The expected result is every entry, retyped character for character.

◆ ◆ ◆

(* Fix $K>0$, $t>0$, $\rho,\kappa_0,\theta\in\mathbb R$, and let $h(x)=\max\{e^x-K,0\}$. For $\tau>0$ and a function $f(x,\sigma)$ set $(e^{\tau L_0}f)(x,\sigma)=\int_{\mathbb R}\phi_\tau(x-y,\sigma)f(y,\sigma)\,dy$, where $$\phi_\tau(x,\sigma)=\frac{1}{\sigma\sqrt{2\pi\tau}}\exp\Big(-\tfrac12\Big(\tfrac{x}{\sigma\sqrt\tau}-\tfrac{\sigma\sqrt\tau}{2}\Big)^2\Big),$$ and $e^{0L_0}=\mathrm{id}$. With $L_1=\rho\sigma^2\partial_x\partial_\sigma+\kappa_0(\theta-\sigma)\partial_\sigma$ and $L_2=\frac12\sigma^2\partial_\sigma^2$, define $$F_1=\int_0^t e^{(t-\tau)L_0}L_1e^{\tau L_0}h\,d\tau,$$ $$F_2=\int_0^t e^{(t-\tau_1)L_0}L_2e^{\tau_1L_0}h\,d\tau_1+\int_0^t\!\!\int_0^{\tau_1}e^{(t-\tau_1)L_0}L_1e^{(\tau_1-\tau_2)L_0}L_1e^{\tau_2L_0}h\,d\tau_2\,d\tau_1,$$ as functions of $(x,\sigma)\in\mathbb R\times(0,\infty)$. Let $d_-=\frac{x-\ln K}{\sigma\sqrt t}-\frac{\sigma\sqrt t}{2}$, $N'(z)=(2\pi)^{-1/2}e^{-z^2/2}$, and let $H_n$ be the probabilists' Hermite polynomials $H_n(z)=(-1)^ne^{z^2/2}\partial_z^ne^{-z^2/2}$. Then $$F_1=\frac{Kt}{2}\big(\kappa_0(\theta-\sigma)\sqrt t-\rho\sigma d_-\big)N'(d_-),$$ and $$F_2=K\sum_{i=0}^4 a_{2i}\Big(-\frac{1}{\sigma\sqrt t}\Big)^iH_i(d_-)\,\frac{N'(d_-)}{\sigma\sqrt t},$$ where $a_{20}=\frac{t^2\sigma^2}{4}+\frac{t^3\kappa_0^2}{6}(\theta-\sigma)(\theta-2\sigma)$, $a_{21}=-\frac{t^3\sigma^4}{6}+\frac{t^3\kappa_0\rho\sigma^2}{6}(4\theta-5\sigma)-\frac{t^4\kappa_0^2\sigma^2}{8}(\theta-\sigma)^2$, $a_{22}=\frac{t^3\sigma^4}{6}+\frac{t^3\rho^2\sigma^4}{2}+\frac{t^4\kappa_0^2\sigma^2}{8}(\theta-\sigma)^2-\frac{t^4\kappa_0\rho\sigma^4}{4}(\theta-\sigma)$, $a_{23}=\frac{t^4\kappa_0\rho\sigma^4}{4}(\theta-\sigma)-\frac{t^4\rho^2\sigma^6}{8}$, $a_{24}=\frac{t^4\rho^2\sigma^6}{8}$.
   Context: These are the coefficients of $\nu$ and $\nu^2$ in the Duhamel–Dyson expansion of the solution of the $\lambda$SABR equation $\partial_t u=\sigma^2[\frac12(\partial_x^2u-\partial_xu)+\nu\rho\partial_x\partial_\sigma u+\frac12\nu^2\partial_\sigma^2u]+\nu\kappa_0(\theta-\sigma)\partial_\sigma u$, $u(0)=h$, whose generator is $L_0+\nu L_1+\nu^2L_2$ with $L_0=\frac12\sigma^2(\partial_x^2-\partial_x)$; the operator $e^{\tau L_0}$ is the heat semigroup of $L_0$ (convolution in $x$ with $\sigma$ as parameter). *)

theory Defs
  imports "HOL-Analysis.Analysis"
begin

◆ ◆ ◆

Answer space:
(* Fix $K>0$, $t>0$, $\rho,\kappa_0,\theta\in\mathbb R$, and let $h(x)=\max\{e^x-K,0\}$. For $\tau>0$ and a function $f(x,\sigma)$ set $(e^{\tau L_0}f)(x,\sigma)=\int_{\mathbb R}\phi_\tau(x-y,\sigma)f(y,\sigma)\,dy$, where $$\phi_\tau(x,\sigma)=\frac{1}{\sigma\sqrt{2\pi\tau}}\exp\Big(-\tfrac12\Big(\tfrac{x}{\sigma\sqrt\tau}-\tfrac{\sigma\sqrt\tau}{2}\Big)^2\Big),$$ and $e^{0L_0}=\mathrm{id}$. With $L_1=\rho\sigma^2\partial_x\partial_\sigma+\kappa_0(\theta-\sigma)\partial_\sigma$ and $L_2=\frac12\sigma^2\partial_\sigma^2$, define $$F_1=\int_0^t e^{(t-\tau)L_0}L_1e^{\tau L_0}h\,d\tau,$$ $$F_2=\int_0^t e^{(t-\tau_1)L_0}L_2e^{\tau_1L_0}h\,d\tau_1+\int_0^t\!\!\int_0^{\tau_1}e^{(t-\tau_1)L_0}L_1e^{(\tau_1-\tau_2)L_0}L_1e^{\tau_2L_0}h\,d\tau_2\,d\tau_1,$$ as functions of $(x,\sigma)\in\mathbb R\times(0,\infty)$. Let $d_-=\frac{x-\ln K}{\sigma\sqrt t}-\frac{\sigma\sqrt t}{2}$, $N'(z)=(2\pi)^{-1/2}e^{-z^2/2}$, and let $H_n$ be the probabilists' Hermite polynomials $H_n(z)=(-1)^ne^{z^2/2}\partial_z^ne^{-z^2/2}$. Then $$F_1=\frac{Kt}{2}\big(\kappa_0(\theta-\sigma)\sqrt t-\rho\sigma d_-\big)N'(d_-),$$ and $$F_2=K\sum_{i=0}^4 a_{2i}\Big(-\frac{1}{\sigma\sqrt t}\Big)^iH_i(d_-)\,\frac{N'(d_-)}{\sigma\sqrt t},$$ where $a_{20}=\frac{t^2\sigma^2}{4}+\frac{t^3\kappa_0^2}{6}(\theta-\sigma)(\theta-2\sigma)$, $a_{21}=-\frac{t^3\sigma^4}{6}+\frac{t^3\kappa_0\rho\sigma^2}{6}(4\theta-5\sigma)-\frac{t^4\kappa_0^2\sigma^2}{8}(\theta-\sigma)^2$, $a_{22}=\frac{t^3\sigma^4}{6}+\frac{t^3\rho^2\sigma^4}{2}+\frac{t^4\kappa_0^2\sigma^2}{8}(\theta-\sigma)^2-\frac{t^4\kappa_0\rho\sigma^4}{4}(\theta-\sigma)$, $a_{23}=\frac{t^4\kappa_0\rho\sigma^4}{4}(\theta-\sigma)-\frac{t^4\rho^2\sigma^6}{8}$, $a_{24}=\frac{t^4\rho^2\sigma^6}{8}$.
   Context: These are the coefficients of $\nu$ and $\nu^2$ in the Duhamel–Dyson expansion of the solution of the $\lambda$SABR equation $\partial_t u=\sigma^2[\frac12(\partial_x^2u-\partial_xu)+\nu\rho\partial_x\partial_\sigma u+\frac12\nu^2\partial_\sigma^2u]+\nu\kappa_0(\theta-\sigma)\partial_\sigma u$, $u(0)=h$, whose generator is $L_0+\nu L_1+\nu^2L_2$ with $L_0=\frac12\sigma^2(\partial_x^2-\partial_x)$; the operator $e^{\tau L_0}$ is the heat semigroup of $L_0$ (convolution in $x$ with $\sigma$ as parameter). *)

theory Defs
  imports "HOL-Analysis.Analysis"
begin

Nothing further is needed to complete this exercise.